MavLib is a good example.
Lemur is a good example.
A Cameras library with some enhanced cameras will be great to have.
The demo game which was discussed here would be great to start.
A collection of Gradle based starter projects
Open the store for uploading JME based non opensource / commercial projects
Maybe an enhanced character control
All of these are not features in the core engine but I think that they will convince new programmers to work with JME rather than Godot or LibGdx.
In general, I think we should always ask ourselves what problems can we solve for our users rather than what new cool features can we add to the engine.
Unfortunately I don’t have enough knowledge to help with the developing the engine. I think I can contribute in testing…
Dropped support of LWJGL2. I’ll make a more exhaustive post later, but the main problem is: LWJGL2 input support is “good enough” for many but “not good enough” for me;
LWJGL3 instead is “good”, but requires some incompatible changes.
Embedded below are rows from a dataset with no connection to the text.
(* Let $n\geq 3$ and let $C_n^*$ be the bigraded complex described in the context. Then \[\operatorname{gr}_{\mathcal{V}}\alpha_s^*\leq \operatorname{gr}_{\mathcal{V}}\alpha_n^*-2n\ \text{ for } 1\leq s\leq n-1,\qquad \operatorname{gr}_{\mathcal{V}}\widetilde{\alpha}_s^*\leq \operatorname{gr}_{\mathcal{V}}\alpha_n^*-2n\ \text{ for } 1\leq s\leq n-2,\] and \[\operatorname{gr}_{\mathcal{U}}\alpha_s^*\leq \operatorname{gr}_{\mathcal{U}}\alpha_n^*-2n\ \text{ for } n+1\leq s\leq 2n-1,\qquad \operatorname{gr}_{\mathcal{U}}\widetilde{\alpha}_s^*\leq \operatorname{gr}_{\mathcal{U}}\alpha_n^*-2n\ \text{ for } n+1\leq s\leq 2n-2.\]
   Context: Let $\mathbb{F}=\mathbb{Z}/2$ and $R=\mathbb{F}[\mathcal{U},\mathcal{V}]$, bigraded by $(\operatorname{gr}_{\mathcal{U}},\operatorname{gr}_{\mathcal{V}})$ with $\mathcal{U}$ of bigrading $(-2,0)$ and $\mathcal{V}$ of bigrading $(0,-2)$. For $n\geq 3$, $C_n^*$ is the free $R$-module with basis $\alpha^*_s$ ($1\leq s\leq 2n-1$); $\widetilde{\alpha}^*_s$ ($1\leq s\leq n-2$ and $n+1\leq s\leq 2n-2$); $b^{*,(s)}_{n-1}$ ($1\leq s\leq n-2$); $b^{*,(s)}_{n}$ ($1\leq s\leq 2n-2$); $b^{*,(s)}_{n+1}$ ($n+1\leq s\leq 2n-2$), with $R$-linear differential $\partial$ given by $\partial\alpha^*_s=0$, $\partial\widetilde{\alpha}^*_s=0$, and $\partial b^{*,(s)}_{n-1}=\mathcal{U}^{n(n-1)/2}\mathcal{V}^{n(n-1)/2}\alpha^*_s+\mathcal{V}^{n-s-1}\widetilde{\alpha}^*_s$ for $1\leq s\leq n-2$; $\partial b^{*,(s)}_{n}=\mathcal{U}^{n(n+1)/2-s}\mathcal{V}^{n(n+1)/2}\alpha^*_{s+1}+\mathcal{U}^{n}\widetilde{\alpha}^*_s$ for $1\leq s\leq n-2$; $\partial b^{*,(s)}_{n}=\mathcal{U}^{n(n+1)/2}\mathcal{V}^{n(n-1)/2-n+s+1}\alpha^*_s+\mathcal{U}^{n(n+1)/2-s}\mathcal{V}^{n(n+1)/2}\alpha^*_{s+1}$ for $n-1\leq s\leq n$; $\partial b^{*,(s)}_{n}=\mathcal{U}^{n(n+1)/2}\mathcal{V}^{n(n-1)/2-n+s+1}\alpha^*_s+\mathcal{V}^{n}\widetilde{\alpha}^*_s$ for $n+1\leq s\leq 2n-2$; $\partial b^{*,(s)}_{n+1}=\mathcal{U}^{n(n-1)/2}\mathcal{V}^{n(n-1)/2}\alpha^*_{s+1}+\mathcal{U}^{s-n}\widetilde{\alpha}^*_s$ for $n+1\leq s\leq 2n-2$. The basis elements are assigned bigradings $(\operatorname{gr}_{\mathcal{U}},\operatorname{gr}_{\mathcal{V}})$ so that $\partial$ is homogeneous of bigrading $(-1,-1)$; such a bigrading is unique up to an overall shift, and any such choice is fixed. *)

theory Defs
  imports Main
begin

text \<open>Generators of the free R-module C_n^*, R = F_2[U,V].
  Alpha s = alpha^*_s, AlphaT s = tilde-alpha^*_s,
  Bm s = b^{*,(s)}_{n-1}, B0 s = b^{*,(s)}_n, Bp s = b^{*,(s)}_{n+1}.\<close>
datatype gen = Alpha nat | AlphaT nat | Bm nat | B0 nat | Bp nat

fun in_basis :: "nat \<Rightarrow> gen \<Rightarrow> bool" where
  "in_basis n (Alpha s) = (1 \<le> s \<and> s \<le> 2*n - 1)"
| "in_basis n (AlphaT s) = ((1 \<le> s \<and> s \<le> n - 2) \<or> (n + 1 \<le> s \<and> s \<le> 2*n - 2))"
| "in_basis n (Bm s) = (1 \<le> s \<and> s \<le> n - 2)"
| "in_basis n (B0 s) = (1 \<le> s \<and> s \<le> 2*n - 2)"
| "in_basis n (Bp s) = (n + 1 \<le> s \<and> s \<le> 2*n - 2)"

text \<open>The differential of a basis element, as the list of its monomial terms
  (a, b, x) standing for U^a V^b x (coefficients in F_2, all terms distinct).\<close>
fun dterms :: "nat \<Rightarrow> gen \<Rightarrow> (nat \<times> nat \<times> gen) list" where
  "dterms n (Alpha s) = []"
| "dterms n (AlphaT s) = []"
| "dterms n (Bm s) =
     [(n*(n-1) div 2, n*(n-1) div 2, Alpha s), (0, n - s - 1, AlphaT s)]"
| "dterms n (B0 s) =
     (if s \<le> n - 2 then
        [(n*(n+1) div 2 - s, n*(n+1) div 2, Alpha (s+1)), (n, 0, AlphaT s)]
      else if s \<le> n then
        [(n*(n+1) div 2, n*(n-1) div 2 + s + 1 - n, Alpha s),
         (n*(n+1) div 2 - s, n*(n+1) div 2, Alpha (s+1))]
      else
        [(n*(n+1) div 2, n*(n-1) div 2 + s + 1 - n, Alpha s), (0, n, AlphaT s)])"
| "dterms n (Bp s) =
     [(n*(n-1) div 2, n*(n-1) div 2, Alpha (s+1)), (s - n, 0, AlphaT s)]"

text \<open>A bigrading (grU, grV) of the basis (U has bigrading (-2,0), V has (0,-2))
  for which the differential is homogeneous of bigrading (-1,-1).\<close>
definition valid_bigrading :: "nat \<Rightarrow> (gen \<Rightarrow> int) \<Rightarrow> (gen \<Rightarrow> int) \<Rightarrow> bool" where
  "valid_bigrading n grU grV \<longleftrightarrow>
     (\<forall>g. in_basis n g \<longrightarrow> (\<forall>(a, b, x) \<in> set (dterms n g).
         grU x - 2 * int a = grU g - 1 \<and> grV x - 2 * int b = grV g - 1))"

end

theory Submission
  imports Defs
begin

text \<open>Homogeneity of the differential forces the two monomials of every \<open>\<partial>b\<close> to have the
  same bigrading, so each generator b yields a linear relation between the gradings of the
  \<open>\<alpha>\<close>'s. From b_n^(n-1) and b_n^(n) one gets gr_V \<open>\<alpha>\<close>_n = gr_V \<open>\<alpha>\<close>_(n-1) + 2n and
  gr_U \<open>\<alpha>\<close>_n = gr_U \<open>\<alpha>\<close>_(n+1) + 2n. Eliminating \<open>\<alpha>\<close>~_s between b_(n-1)^(s) and b_n^(s)
  (resp. b_n^(s) and b_(n+1)^(s)) shows that gr_V \<open>\<alpha>\<close>_s increases for s < n and
  gr_U \<open>\<alpha>\<close>_s decreases for s > n, while \<open>\<alpha>\<close>~_s lies n(n+1) below its neighbouring \<open>\<alpha>\<close>.\<close>

lemma int_triangular_Suc: "int (n * (n + 1) div 2) = int (n * (n - 1) div 2) + int n"
proof -
  have "n * (n + 1) = n * (n - 1) + n * 2" by (cases n) (auto simp: algebra_simps)
  then show ?thesis by simp
qed

lemma int_triangular_double: "2 * int (n * (n + 1) div 2) = int (n * (n + 1))"
proof -
  have "2 * (n * (n + 1) div 2) = n * (n + 1)" by simp
  then show ?thesis by (metis of_nat_mult of_nat_numeral)
qed

lemma valid_bigrading_dterms_eq:
  assumes "valid_bigrading n grU grV" "in_basis n g"
    and "(a, b, x) \<in> set (dterms n g)" "(a', b', y) \<in> set (dterms n g)"
  shows "grU x - 2 * int a = grU y - 2 * int a'"
    and "grV x - 2 * int b = grV y - 2 * int b'"
proof -
  have "grU z - 2 * int c = grU g - 1 \<and> grV z - 2 * int d = grV g - 1"
    if "(c, d, z) \<in> set (dterms n g)" for c d z
    using assms(1,2) that unfolding valid_bigrading_def by fastforce
  from this[OF assms(3)] this[OF assms(4)]
  show "grU x - 2 * int a = grU y - 2 * int a'" "grV x - 2 * int b = grV y - 2 * int b'"
    by simp_all
qed

lemma grV_AlphaT_eq:
  assumes "valid_bigrading n grU grV" "1 \<le> s" "s \<le> n - 2"
  shows "grV (AlphaT s) = grV (Alpha (Suc s)) - int (n * (n + 1))"
proof -
  have "grV (Alpha (Suc s)) - 2 * int (n * (n + 1) div 2) = grV (AlphaT s)"
    using valid_bigrading_dterms_eq(2)[OF assms(1), of "B0 s"
        "n * (n + 1) div 2 - s" "n * (n + 1) div 2" "Alpha (Suc s)" n 0 "AlphaT s"] assms
    by simp
  with int_triangular_double[of n] show ?thesis by simp
qed

lemma grV_Alpha_Suc_eq:
  assumes "valid_bigrading n grU grV" "1 \<le> s" "s \<le> n - 2"
  shows "grV (Alpha (Suc s)) = grV (Alpha s) + 2 * int (2 * n - s - 1)"
proof -
  let ?M = "n * (n - 1) div 2"
  have "grV (Alpha s) - 2 * int ?M = grV (AlphaT s) - 2 * int (n - s - 1)"
    using valid_bigrading_dterms_eq(2)[OF assms(1), of "Bm s"
        ?M ?M "Alpha s" 0 "n - s - 1" "AlphaT s"] assms by simp
  moreover have "int (2 * n - s - 1) = int n + int (n - s - 1)" using assms(3) by simp
  ultimately show ?thesis
    using grV_AlphaT_eq[OF assms] int_triangular_double[of n] int_triangular_Suc[of n] by linarith
qed

lemma grV_Alpha_n_eq:
  assumes "valid_bigrading n grU grV" "n \<ge> 2"
  shows "grV (Alpha n) = grV (Alpha (n - 1)) + 2 * int n"
proof -
  obtain m where m: "n = Suc m" "m \<ge> 1" using assms(2) by (cases n) auto
  let ?N = "n * (n + 1) div 2" and ?M = "n * (n - 1) div 2"
  have "dterms n (B0 m) = [(?N, ?M, Alpha m), (?N - m, ?N, Alpha n)]"
    using m by simp
  then have "grV (Alpha m) - 2 * int ?M = grV (Alpha n) - 2 * int ?N"
    using valid_bigrading_dterms_eq(2)[OF assms(1), of "B0 m"
        ?N ?M "Alpha m" "?N - m" ?N "Alpha n"] m by simp
  with int_triangular_Suc[of n] m(1) show ?thesis by simp
qed

lemma grU_AlphaT_eq:
  assumes "valid_bigrading n grU grV" "n + 1 \<le> s" "s \<le> 2 * n - 2"
  shows "grU (AlphaT s) = grU (Alpha s) - int (n * (n + 1))"
proof -
  let ?N = "n * (n + 1) div 2" and ?M = "n * (n - 1) div 2"
  have "dterms n (B0 s) = [(?N, ?M + s + 1 - n, Alpha s), (0, n, AlphaT s)]"
    using assms(2) by simp
  then have "grU (Alpha s) - 2 * int ?N = grU (AlphaT s)"
    using valid_bigrading_dterms_eq(1)[OF assms(1), of "B0 s"
        ?N "?M + s + 1 - n" "Alpha s" 0 n "AlphaT s"] assms by simp
  with int_triangular_double[of n] show ?thesis by simp
qed

lemma grU_Alpha_Suc_eq:
  assumes "valid_bigrading n grU grV" "n + 1 \<le> s" "s \<le> 2 * n - 2"
  shows "grU (Alpha s) = grU (Alpha (Suc s)) + 2 * int s"
proof -
  let ?M = "n * (n - 1) div 2"
  have "grU (Alpha (Suc s)) - 2 * int ?M = grU (AlphaT s) - 2 * int (s - n)"
    using valid_bigrading_dterms_eq(1)[OF assms(1), of "Bp s"
        ?M ?M "Alpha (Suc s)" "s - n" 0 "AlphaT s"] assms by simp
  moreover have "int s = int n + int (s - n)" using assms(2) by simp
  ultimately show ?thesis
    using grU_AlphaT_eq[OF assms] int_triangular_double[of n] int_triangular_Suc[of n] by linarith
qed

lemma grU_Alpha_n_eq:
  assumes "valid_bigrading n grU grV" "n \<ge> 2"
  shows "grU (Alpha n) = grU (Alpha (n + 1)) + 2 * int n"
proof -
  let ?N = "n * (n + 1) div 2" and ?M = "n * (n - 1) div 2"
  have "dterms n (B0 n) = [(?N, ?M + 1, Alpha n), (?N - n, ?N, Alpha (n + 1))]"
    using assms(2) by simp
  then have "grU (Alpha n) - 2 * int ?N = grU (Alpha (n + 1)) - 2 * int (?N - n)"
    using valid_bigrading_dterms_eq(1)[OF assms(1), of "B0 n"
        ?N "?M + 1" "Alpha n" "?N - n" ?N "Alpha (n + 1)"] assms(2) by simp
  moreover have "int (?N - n) = int ?M" using int_triangular_Suc[of n] by simp
  ultimately show ?thesis using int_triangular_Suc[of n] by linarith
qed

lemma grV_Alpha_le_pred_n:
  assumes "valid_bigrading n grU grV" "1 \<le> s" "s \<le> n - 1"
  shows "grV (Alpha s) \<le> grV (Alpha (n - 1))"
proof (rule lift_Suc_mono_le_ivl[where f = "\<lambda>s. grV (Alpha s)" and N = "{1..n - 2}"])
  fix m assume "m \<in> {1..n - 2}"
  then have "grV (Alpha (Suc m)) = grV (Alpha m) + 2 * int (2 * n - m - 1)"
    by (intro grV_Alpha_Suc_eq[OF assms(1)]) auto
  then show "grV (Alpha m) \<le> grV (Alpha (Suc m))" by linarith
qed (use assms in auto)

lemma grU_Alpha_le_Suc_n:
  assumes "valid_bigrading n grU grV" "n + 1 \<le> s" "s \<le> 2 * n - 1"
  shows "grU (Alpha s) \<le> grU (Alpha (n + 1))"
proof (rule lift_Suc_antimono_le_ivl[where f = "\<lambda>s. grU (Alpha s)" and N = "{n + 1..2 * n - 2}"])
  fix m assume "m \<in> {n + 1..2 * n - 2}"
  then have "grU (Alpha m) = grU (Alpha (Suc m)) + 2 * int m"
    by (intro grU_Alpha_Suc_eq[OF assms(1)]) auto
  then show "grU (Alpha (Suc m)) \<le> grU (Alpha m)" by linarith
qed (use assms in auto)

theorem lemma2p8:
  fixes n :: nat and grU grV :: "gen \<Rightarrow> int"
  assumes "n \<ge> 3"
    and "valid_bigrading n grU grV"
  shows "(\<forall>s. 1 \<le> s \<and> s \<le> n - 1 \<longrightarrow> grV (Alpha s) \<le> grV (Alpha n) - 2 * int n)
       \<and> (\<forall>s. 1 \<le> s \<and> s \<le> n - 2 \<longrightarrow> grV (AlphaT s) \<le> grV (Alpha n) - 2 * int n)
       \<and> (\<forall>s. n + 1 \<le> s \<and> s \<le> 2*n - 1 \<longrightarrow> grU (Alpha s) \<le> grU (Alpha n) - 2 * int n)
       \<and> (\<forall>s. n + 1 \<le> s \<and> s \<le> 2*n - 2 \<longrightarrow> grU (AlphaT s) \<le> grU (Alpha n) - 2 * int n)"
proof -
  have "n \<ge> 2" using assms(1) by simp
  have "2 * n \<le> n * (n + 1)" using mult_le_mono2[of 2 "n + 1" n] assms(1) by simp
  then have gap: "2 * int n \<le> int (n * (n + 1))" by linarith
  have V: "grV (Alpha s) \<le> grV (Alpha n) - 2 * int n" if "1 \<le> s" "s \<le> n - 1" for s
    using grV_Alpha_le_pred_n[OF assms(2) that] grV_Alpha_n_eq[OF assms(2) \<open>n \<ge> 2\<close>] by linarith
  have VT: "grV (AlphaT s) \<le> grV (Alpha n) - 2 * int n" if "1 \<le> s" "s \<le> n - 2" for s
    using grV_AlphaT_eq[OF assms(2) that] V[of "Suc s"] gap that by linarith
  have U: "grU (Alpha s) \<le> grU (Alpha n) - 2 * int n" if "n + 1 \<le> s" "s \<le> 2 * n - 1" for s
    using grU_Alpha_le_Suc_n[OF assms(2) that] grU_Alpha_n_eq[OF assms(2) \<open>n \<ge> 2\<close>] by linarith
  have UT: "grU (AlphaT s) \<le> grU (Alpha n) - 2 * int n" if "n + 1 \<le> s" "s \<le> 2 * n - 2" for s
    using grU_AlphaT_eq[OF assms(2) that] U[of s] gap that by linarith
  show ?thesis using V VT U UT by blast
qed

end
Oh, and also BC7 texture compression support would be nice…
Then there is the Mac thing… I’m not sure that even when implemented, does it destroy Mac support? Although at least this library (GitHub - LWJGLX/lwjgl3-awt: AWT support for LWJGL3) says it has a Mac support… so there is hope
By the way, maybe it will be nice to make a poll for bugs/feature requests/documentation requests, then select the top-voted ones, and make a bug bounty list using the donations from the opencollective. (a very shortlist for the start)
Or instead of a poll, engine leaders themselves can pick a list of bugs/features they think are important.
This is just a suggestion, I don’t know if this will be successful or not as there are other factors to consider, like manpower and time. Sorry if I went offtopic!
BC7 hardware acceleration is part of DirectX 11 capabilities, so most modern GPU from the last decade can handle them and benefit over the obsolete DXT5…
It should work the same way the DXT5 works: you load the asset and then is managed by the GPU. So only decoding should be fine.
Not sure if a CPU implementation would work… it needs to leverage the DirectX11 hardware to be useful for games.